You could say that. Donald made the Double-A All-Star Game last summer, and started in the Major League All-Star Futures Game at Yankee Stadium. He made the Olympic team, went to Beijing and hit .381 for his country. (The Americans won bronze.) Then in the Arizona Fall League, he hit .407.
It's a good life if you can get it, hitting baseballs during the day, sleeping to the sound of the Florida surf, all but guaranteed to make your major league debut this season.
"It doesn't matter when it is," Tom Donald says. "I'll be there. It doesn't matter if we're playing Clovis High, they'll have to play it without me, because I'll be there when my son plays his first big-league game."
The son is trying to keep the optimism under control. Including his own.
"I have to make the team first before he can make those type of plans," Donald says.
Well, yes, there is that. There are no guarantees. On Monday, Donald took a 95-mph Joba Chamberlain fastball off the forearm, was pulled from the game and wondered if the feeling would ever come back to his fingers. He was back in there pinch-hitting Tuesday and of course singled in a run.
"We're all just sort of waiting for him to get his big break," says Bob Bowlsby, the athletic director at Stanford. "He's stayed pretty healthy. He played pretty well in the Olympics. He's been one of the leading hitters on every team he's played well on."

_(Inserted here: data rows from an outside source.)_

lemma proper_affine_Lp_action_embed_measure:
  assumes act: "proper_affine_Lp_action G M p \<pi> b" and e: "inj e"
  shows "proper_affine_Lp_action G (embed_measure M e) p
           (\<lambda>g F y. \<pi> g (\<lambda>x. F (e x)) (inv_into UNIV e y)) (\<lambda>g y. b g (inv_into UNIV e y))"
proof -
  let ?M = "embed_measure M e"
  have inv_e [simp]: "inv_into UNIV e (e x) = x" for x using e by simp
  note A = act[unfolded proper_affine_Lp_action_def]
  note Lp = Lp_space_embed_measure[OF e] Lp_space_embed_measure_inv[OF e]
  show ?thesis
    unfolding proper_affine_Lp_action_def
  proof (intro conjI ballI allI impI)
    fix g F assume g: "g \<in> carrier G" and F: "F \<in> Lp_space ?M p"
    have Fe: "(\<lambda>x. F (e x)) \<in> Lp_space M p" by (rule Lp(1)[OF F])
    then have H: "\<pi> g (\<lambda>x. F (e x)) \<in> Lp_space M p" using A g by blast
    show "(\<lambda>y. \<pi> g (\<lambda>x. F (e x)) (inv_into UNIV e y)) \<in> Lp_space ?M p"
      by (rule Lp(2)[OF H])
    show "Lp_norm ?M p (\<lambda>y. \<pi> g (\<lambda>x. F (e x)) (inv_into UNIV e y)) = Lp_norm ?M p F"
      using A g Fe by (simp add: Lp_norm_embed_measure_inv[OF e H] Lp_norm_embed_measure[OF e F])
  next
    fix g F H assume g: "g \<in> carrier G" and F: "F \<in> Lp_space ?M p" and H: "H \<in> Lp_space ?M p"
      and "ae_eq ?M F H"
    then have "ae_eq M (\<lambda>x. F (e x)) (\<lambda>x. H (e x))" by (simp add: ae_eq_embed_measure[OF e])
    then have "ae_eq M (\<pi> g (\<lambda>x. F (e x))) (\<pi> g (\<lambda>x. H (e x)))"
      using A g Lp(1)[OF F] Lp(1)[OF H] by blast
    then show "ae_eq ?M (\<lambda>y. \<pi> g (\<lambda>x. F (e x)) (inv_into UNIV e y)) (\<lambda>y. \<pi> g (\<lambda>x. H (e x)) (inv_into UNIV e y))"
      by (simp add: ae_eq_embed_measure[OF e])
  next
    fix g F H and c :: real
    assume g: "g \<in> carrier G" and F: "F \<in> Lp_space ?M p" and H: "H \<in> Lp_space ?M p"
    have "\<forall>g\<in>carrier G. \<forall>f\<in>Lp_space M p. \<forall>h\<in>Lp_space M p. \<forall>c::real.
        ae_eq M (\<pi> g (\<lambda>x. f x + c * h x)) (\<lambda>x. \<pi> g f x + c * \<pi> g h x)"
      using A by blast
    from this[rule_format, OF g Lp(1)[OF F] Lp(1)[OF H]] show "ae_eq ?M (\<lambda>y. \<pi> g (\<lambda>x. F (e x) + c * H (e x)) (inv_into UNIV e y))
        (\<lambda>y. \<pi> g (\<lambda>x. F (e x)) (inv_into UNIV e y) + c * \<pi> g (\<lambda>x. H (e x)) (inv_into UNIV e y))"
      by (simp add: ae_eq_embed_measure[OF e])
  next
    fix F assume "F \<in> Lp_space ?M p"
    then have "ae_eq M (\<pi> \<one>\<^bsub>G\<^esub> (\<lambda>x. F (e x))) (\<lambda>x. F (e x))" using A Lp(1) by metis
    then show "ae_eq ?M (\<lambda>y. \<pi> \<one>\<^bsub>G\<^esub> (\<lambda>x. F (e x)) (inv_into UNIV e y)) F"
      by (simp add: ae_eq_embed_measure[OF e])
  next
    fix g h F assume g: "g \<in> carrier G" and h: "h \<in> carrier G" and F: "F \<in> Lp_space ?M p"
    have "ae_eq M (\<pi> (g \<otimes>\<^bsub>G\<^esub> h) (\<lambda>x. F (e x))) (\<pi> g (\<pi> h (\<lambda>x. F (e x))))"
      using A g h Lp(1)[OF F] by blast
    then show "ae_eq ?M (\<lambda>y. \<pi> (g \<otimes>\<^bsub>G\<^esub> h) (\<lambda>x. F (e x)) (inv_into UNIV e y))
        (\<lambda>y. \<pi> g (\<lambda>x. \<pi> h (\<lambda>x. F (e x)) (inv_into UNIV e (e x))) (inv_into UNIV e y))"
      by (simp add: ae_eq_embed_measure[OF e])
  next
    fix g assume "g \<in> carrier G"
    then show "(\<lambda>y. b g (inv_into UNIV e y)) \<in> Lp_space ?M p" using A by (blast intro: Lp(2))
  next
    fix g h assume "g \<in> carrier G" "h \<in> carrier G"
    then have "ae_eq M (b (g \<otimes>\<^bsub>G\<^esub> h)) (\<lambda>x. \<pi> g (b h) x + b g x)" using A by blast
    then show "ae_eq ?M (\<lambda>y. b (g \<otimes>\<^bsub>G\<^esub> h) (inv_into UNIV e y))
        (\<lambda>y. \<pi> g (\<lambda>x. b h (inv_into UNIV e (e x))) (inv_into UNIV e y) + b g (inv_into UNIV e y))"
      by (simp add: ae_eq_embed_measure[OF e])
  next
    fix R :: real
    have "{g \<in> carrier G. Lp_norm ?M p (\<lambda>y. b g (inv_into UNIV e y)) \<le> R} = {g \<in> carrier G. Lp_norm M p (b g) \<le> R}"
      using A Lp_norm_embed_measure_inv[OF e] by auto
    then show "finite {g \<in> carrier G. Lp_norm ?M p (\<lambda>y. b g (inv_into UNIV e y)) \<le> R}" using A by simp
  qed
qed

definition word_prod :: "('g, 'm) monoid_scheme \<Rightarrow> 'g list \<Rightarrow> 'g" where
  "word_prod G ws = foldr (\<lambda>s t. s \<otimes>\<^bsub>G\<^esub> t) ws \<one>\<^bsub>G\<^esub>"

definition word_length :: "('g, 'm) monoid_scheme \<Rightarrow> 'g set \<Rightarrow> 'g \<Rightarrow> nat" where
  "word_length G S g = word_dist G S \<one>\<^bsub>G\<^esub> g"

lemma word_prod_simps [simp]:
  "word_prod G [] = \<one>\<^bsub>G\<^esub>"
  "word_prod G (s # ws) = s \<otimes>\<^bsub>G\<^esub> word_prod G ws"
  by (simp_all add: word_prod_def)

context group
begin

abbreviation letters :: "'a set \<Rightarrow> 'a set" where
  "letters S \<equiv> S \<union> (\<lambda>s. inv s) ` S"

lemma word_prod_closed: "S \<subseteq> carrier G \<Longrightarrow> set ws \<subseteq> letters S \<Longrightarrow> word_prod G ws \<in> carrier G"
  by (induction ws) auto

lemma word_prod_append:
  "S \<subseteq> carrier G \<Longrightarrow> set ws \<subseteq> letters S \<Longrightarrow> set vs \<subseteq> letters S \<Longrightarrow>
    word_prod G (ws @ vs) = word_prod G ws \<otimes> word_prod G vs"
  by (induction ws) (auto simp: m_assoc word_prod_closed subset_eq)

If you're wondering why the Stanford AD would care about a minor league shortstop from Clovis who played college ball at Arizona, that's because Donald is dating Bowlsby's knee-buckler of a daughter, Rachel, whom Donald met at Arizona.
"He's a terrific young man," Bowlsby says. "He and our daughter have been dating for five years now. I don't think she's ever had a boyfriend for more than a week, so he must be doing something right."
Jason Donald says he would like to marry Rachel someday. His parents can't stop beaming; about baseball, about her, about the way their son's life has gone.
"Tom and I talk about that a lot," Debbie says. "We're so thrilled that our kids' lives are not the struggle ours were."